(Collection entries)
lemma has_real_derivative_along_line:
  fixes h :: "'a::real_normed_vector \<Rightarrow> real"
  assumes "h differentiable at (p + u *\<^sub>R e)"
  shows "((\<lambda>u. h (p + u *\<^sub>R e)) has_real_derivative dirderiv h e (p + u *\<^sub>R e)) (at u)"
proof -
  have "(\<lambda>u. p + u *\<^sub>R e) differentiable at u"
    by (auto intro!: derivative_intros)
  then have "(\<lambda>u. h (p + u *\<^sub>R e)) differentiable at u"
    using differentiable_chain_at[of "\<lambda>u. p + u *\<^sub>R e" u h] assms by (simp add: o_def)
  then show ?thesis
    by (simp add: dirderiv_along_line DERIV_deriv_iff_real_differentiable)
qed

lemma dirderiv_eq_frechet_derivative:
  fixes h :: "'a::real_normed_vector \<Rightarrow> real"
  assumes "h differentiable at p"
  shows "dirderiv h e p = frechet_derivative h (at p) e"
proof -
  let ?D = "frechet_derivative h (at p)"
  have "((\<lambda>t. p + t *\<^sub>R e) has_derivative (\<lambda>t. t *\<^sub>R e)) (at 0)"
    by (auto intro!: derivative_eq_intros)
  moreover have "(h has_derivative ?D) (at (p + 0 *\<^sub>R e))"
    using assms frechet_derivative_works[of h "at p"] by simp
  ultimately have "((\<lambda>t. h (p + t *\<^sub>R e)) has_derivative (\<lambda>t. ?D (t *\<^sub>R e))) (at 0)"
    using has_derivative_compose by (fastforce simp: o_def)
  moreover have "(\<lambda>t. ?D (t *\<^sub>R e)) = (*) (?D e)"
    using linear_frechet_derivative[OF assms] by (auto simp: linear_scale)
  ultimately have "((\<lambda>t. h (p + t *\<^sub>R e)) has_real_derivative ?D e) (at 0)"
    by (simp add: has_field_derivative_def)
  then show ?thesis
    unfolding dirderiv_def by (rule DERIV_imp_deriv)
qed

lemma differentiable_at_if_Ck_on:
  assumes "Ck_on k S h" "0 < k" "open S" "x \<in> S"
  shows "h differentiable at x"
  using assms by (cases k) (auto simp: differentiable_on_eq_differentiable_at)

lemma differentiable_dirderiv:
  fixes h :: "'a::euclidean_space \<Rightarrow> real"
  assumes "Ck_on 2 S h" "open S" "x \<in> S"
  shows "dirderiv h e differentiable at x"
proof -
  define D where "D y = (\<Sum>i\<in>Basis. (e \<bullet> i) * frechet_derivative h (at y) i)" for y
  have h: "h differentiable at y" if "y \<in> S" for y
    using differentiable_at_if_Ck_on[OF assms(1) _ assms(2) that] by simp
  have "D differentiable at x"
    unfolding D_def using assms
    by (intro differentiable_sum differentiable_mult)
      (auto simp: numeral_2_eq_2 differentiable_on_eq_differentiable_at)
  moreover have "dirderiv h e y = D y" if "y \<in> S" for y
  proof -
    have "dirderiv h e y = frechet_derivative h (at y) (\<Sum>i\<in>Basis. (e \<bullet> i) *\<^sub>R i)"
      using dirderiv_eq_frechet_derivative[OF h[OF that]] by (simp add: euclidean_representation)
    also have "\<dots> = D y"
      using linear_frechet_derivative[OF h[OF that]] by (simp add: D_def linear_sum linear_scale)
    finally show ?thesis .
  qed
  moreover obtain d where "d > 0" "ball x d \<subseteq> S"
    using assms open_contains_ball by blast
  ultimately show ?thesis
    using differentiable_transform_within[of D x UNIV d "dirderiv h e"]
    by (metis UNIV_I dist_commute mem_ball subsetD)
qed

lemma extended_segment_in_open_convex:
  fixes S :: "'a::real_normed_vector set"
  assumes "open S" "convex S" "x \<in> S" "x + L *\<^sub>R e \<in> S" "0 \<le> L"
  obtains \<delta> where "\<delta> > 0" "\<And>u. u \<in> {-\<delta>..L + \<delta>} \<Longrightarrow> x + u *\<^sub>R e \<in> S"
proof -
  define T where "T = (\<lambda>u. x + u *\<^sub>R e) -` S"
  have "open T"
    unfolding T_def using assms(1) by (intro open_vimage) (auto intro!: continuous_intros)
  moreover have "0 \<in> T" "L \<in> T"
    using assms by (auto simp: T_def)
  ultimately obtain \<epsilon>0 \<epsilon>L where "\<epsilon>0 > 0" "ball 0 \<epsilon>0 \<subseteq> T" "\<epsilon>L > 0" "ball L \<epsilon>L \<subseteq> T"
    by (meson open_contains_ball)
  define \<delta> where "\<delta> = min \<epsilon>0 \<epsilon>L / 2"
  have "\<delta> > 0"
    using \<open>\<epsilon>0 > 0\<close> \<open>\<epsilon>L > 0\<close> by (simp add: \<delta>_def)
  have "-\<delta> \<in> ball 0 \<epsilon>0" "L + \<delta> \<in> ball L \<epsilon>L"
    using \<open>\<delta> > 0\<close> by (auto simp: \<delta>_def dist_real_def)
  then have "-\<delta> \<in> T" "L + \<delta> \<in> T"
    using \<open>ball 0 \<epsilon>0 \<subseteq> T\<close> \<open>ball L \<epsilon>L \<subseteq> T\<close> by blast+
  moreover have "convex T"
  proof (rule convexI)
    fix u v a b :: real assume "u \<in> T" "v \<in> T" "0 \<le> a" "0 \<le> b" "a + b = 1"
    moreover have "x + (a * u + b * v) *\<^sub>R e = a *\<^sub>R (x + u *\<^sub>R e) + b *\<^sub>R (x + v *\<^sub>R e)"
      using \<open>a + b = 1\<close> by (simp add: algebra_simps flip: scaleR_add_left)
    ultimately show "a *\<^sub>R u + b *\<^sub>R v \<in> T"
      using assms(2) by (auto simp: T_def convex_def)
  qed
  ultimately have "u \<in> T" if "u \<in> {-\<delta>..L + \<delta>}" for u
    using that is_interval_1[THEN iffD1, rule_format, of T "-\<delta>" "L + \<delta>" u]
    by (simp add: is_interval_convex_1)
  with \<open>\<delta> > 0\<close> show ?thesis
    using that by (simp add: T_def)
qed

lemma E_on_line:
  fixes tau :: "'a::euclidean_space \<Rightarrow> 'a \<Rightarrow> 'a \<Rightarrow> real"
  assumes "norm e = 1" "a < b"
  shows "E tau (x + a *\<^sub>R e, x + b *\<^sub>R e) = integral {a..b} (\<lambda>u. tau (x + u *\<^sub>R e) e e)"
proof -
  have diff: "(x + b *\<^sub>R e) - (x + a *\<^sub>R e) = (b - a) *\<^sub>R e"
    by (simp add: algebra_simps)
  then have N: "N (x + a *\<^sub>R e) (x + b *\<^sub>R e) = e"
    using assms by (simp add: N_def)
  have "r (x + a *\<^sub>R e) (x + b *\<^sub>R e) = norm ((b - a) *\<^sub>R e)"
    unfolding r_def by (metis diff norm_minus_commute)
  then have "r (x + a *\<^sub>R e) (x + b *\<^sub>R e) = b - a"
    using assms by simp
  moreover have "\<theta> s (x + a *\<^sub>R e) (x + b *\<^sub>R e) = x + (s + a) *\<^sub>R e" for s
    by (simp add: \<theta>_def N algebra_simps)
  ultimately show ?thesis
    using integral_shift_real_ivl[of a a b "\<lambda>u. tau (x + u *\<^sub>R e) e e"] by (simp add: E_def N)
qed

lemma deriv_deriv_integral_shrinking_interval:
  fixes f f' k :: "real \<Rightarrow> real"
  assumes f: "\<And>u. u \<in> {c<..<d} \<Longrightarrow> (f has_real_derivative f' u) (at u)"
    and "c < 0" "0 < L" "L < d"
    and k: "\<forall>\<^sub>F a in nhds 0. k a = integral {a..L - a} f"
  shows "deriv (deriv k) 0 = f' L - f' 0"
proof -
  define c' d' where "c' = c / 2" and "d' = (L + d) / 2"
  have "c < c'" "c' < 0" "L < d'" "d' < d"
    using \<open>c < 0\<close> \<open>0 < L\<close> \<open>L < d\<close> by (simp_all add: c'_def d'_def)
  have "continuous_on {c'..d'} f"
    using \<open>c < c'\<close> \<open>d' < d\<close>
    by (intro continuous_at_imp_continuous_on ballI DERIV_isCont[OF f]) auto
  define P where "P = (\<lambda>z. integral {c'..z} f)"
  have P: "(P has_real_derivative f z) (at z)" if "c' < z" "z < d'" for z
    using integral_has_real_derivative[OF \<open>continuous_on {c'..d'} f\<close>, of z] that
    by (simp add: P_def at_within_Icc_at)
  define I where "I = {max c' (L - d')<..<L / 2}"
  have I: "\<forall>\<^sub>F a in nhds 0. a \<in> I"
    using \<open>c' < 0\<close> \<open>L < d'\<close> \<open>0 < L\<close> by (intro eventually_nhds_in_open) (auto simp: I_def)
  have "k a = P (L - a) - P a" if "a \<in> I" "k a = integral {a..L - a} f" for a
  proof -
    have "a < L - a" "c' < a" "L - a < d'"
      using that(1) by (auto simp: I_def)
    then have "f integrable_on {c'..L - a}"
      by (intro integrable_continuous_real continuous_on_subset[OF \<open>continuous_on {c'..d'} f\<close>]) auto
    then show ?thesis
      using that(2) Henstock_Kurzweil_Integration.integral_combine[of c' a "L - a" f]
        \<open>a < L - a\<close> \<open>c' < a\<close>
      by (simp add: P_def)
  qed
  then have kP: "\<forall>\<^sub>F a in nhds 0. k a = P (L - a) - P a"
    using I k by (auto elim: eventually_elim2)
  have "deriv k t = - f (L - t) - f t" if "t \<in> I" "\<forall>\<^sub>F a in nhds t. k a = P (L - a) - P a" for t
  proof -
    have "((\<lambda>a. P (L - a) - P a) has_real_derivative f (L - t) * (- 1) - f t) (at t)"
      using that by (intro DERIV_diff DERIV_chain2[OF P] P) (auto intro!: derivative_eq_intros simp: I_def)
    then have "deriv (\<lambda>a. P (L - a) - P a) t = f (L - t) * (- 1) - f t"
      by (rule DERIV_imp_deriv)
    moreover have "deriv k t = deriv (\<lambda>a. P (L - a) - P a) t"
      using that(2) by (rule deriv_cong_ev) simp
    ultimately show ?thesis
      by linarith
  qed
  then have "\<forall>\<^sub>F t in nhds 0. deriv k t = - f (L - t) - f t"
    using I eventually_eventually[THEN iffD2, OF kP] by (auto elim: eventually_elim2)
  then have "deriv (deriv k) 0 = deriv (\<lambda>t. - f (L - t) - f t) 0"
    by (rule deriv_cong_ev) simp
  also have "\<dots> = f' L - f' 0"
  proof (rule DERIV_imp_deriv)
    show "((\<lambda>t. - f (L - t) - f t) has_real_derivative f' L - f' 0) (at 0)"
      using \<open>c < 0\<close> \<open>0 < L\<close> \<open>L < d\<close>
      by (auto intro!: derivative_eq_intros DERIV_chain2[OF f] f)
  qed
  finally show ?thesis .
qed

**Try it**:
Write out, from the lines above, only those from the line with "(deriv k) 0 = f'" to the line with "in nhds 0. a", exactly as given, including the first and the last.

**Response to the task**:
  shows "deriv (deriv k) 0 = f' L - f' 0"
proof -
  define c' d' where "c' = c / 2" and "d' = (L + d) / 2"
  have "c < c'" "c' < 0" "L < d'" "d' < d"
    using \<open>c < 0\<close> \<open>0 < L\<close> \<open>L < d\<close> by (simp_all add: c'_def d'_def)
  have "continuous_on {c'..d'} f"
    using \<open>c < c'\<close> \<open>d' < d\<close>
    by (intro continuous_at_imp_continuous_on ballI DERIV_isCont[OF f]) auto
  define P where "P = (\<lambda>z. integral {c'..z} f)"
  have P: "(P has_real_derivative f z) (at z)" if "c' < z" "z < d'" for z
    using integral_has_real_derivative[OF \<open>continuous_on {c'..d'} f\<close>, of z] that
    by (simp add: P_def at_within_Icc_at)
  define I where "I = {max c' (L - d')<..<L / 2}"
  have I: "\<forall>\<^sub>F a in nhds 0. a \<in> I"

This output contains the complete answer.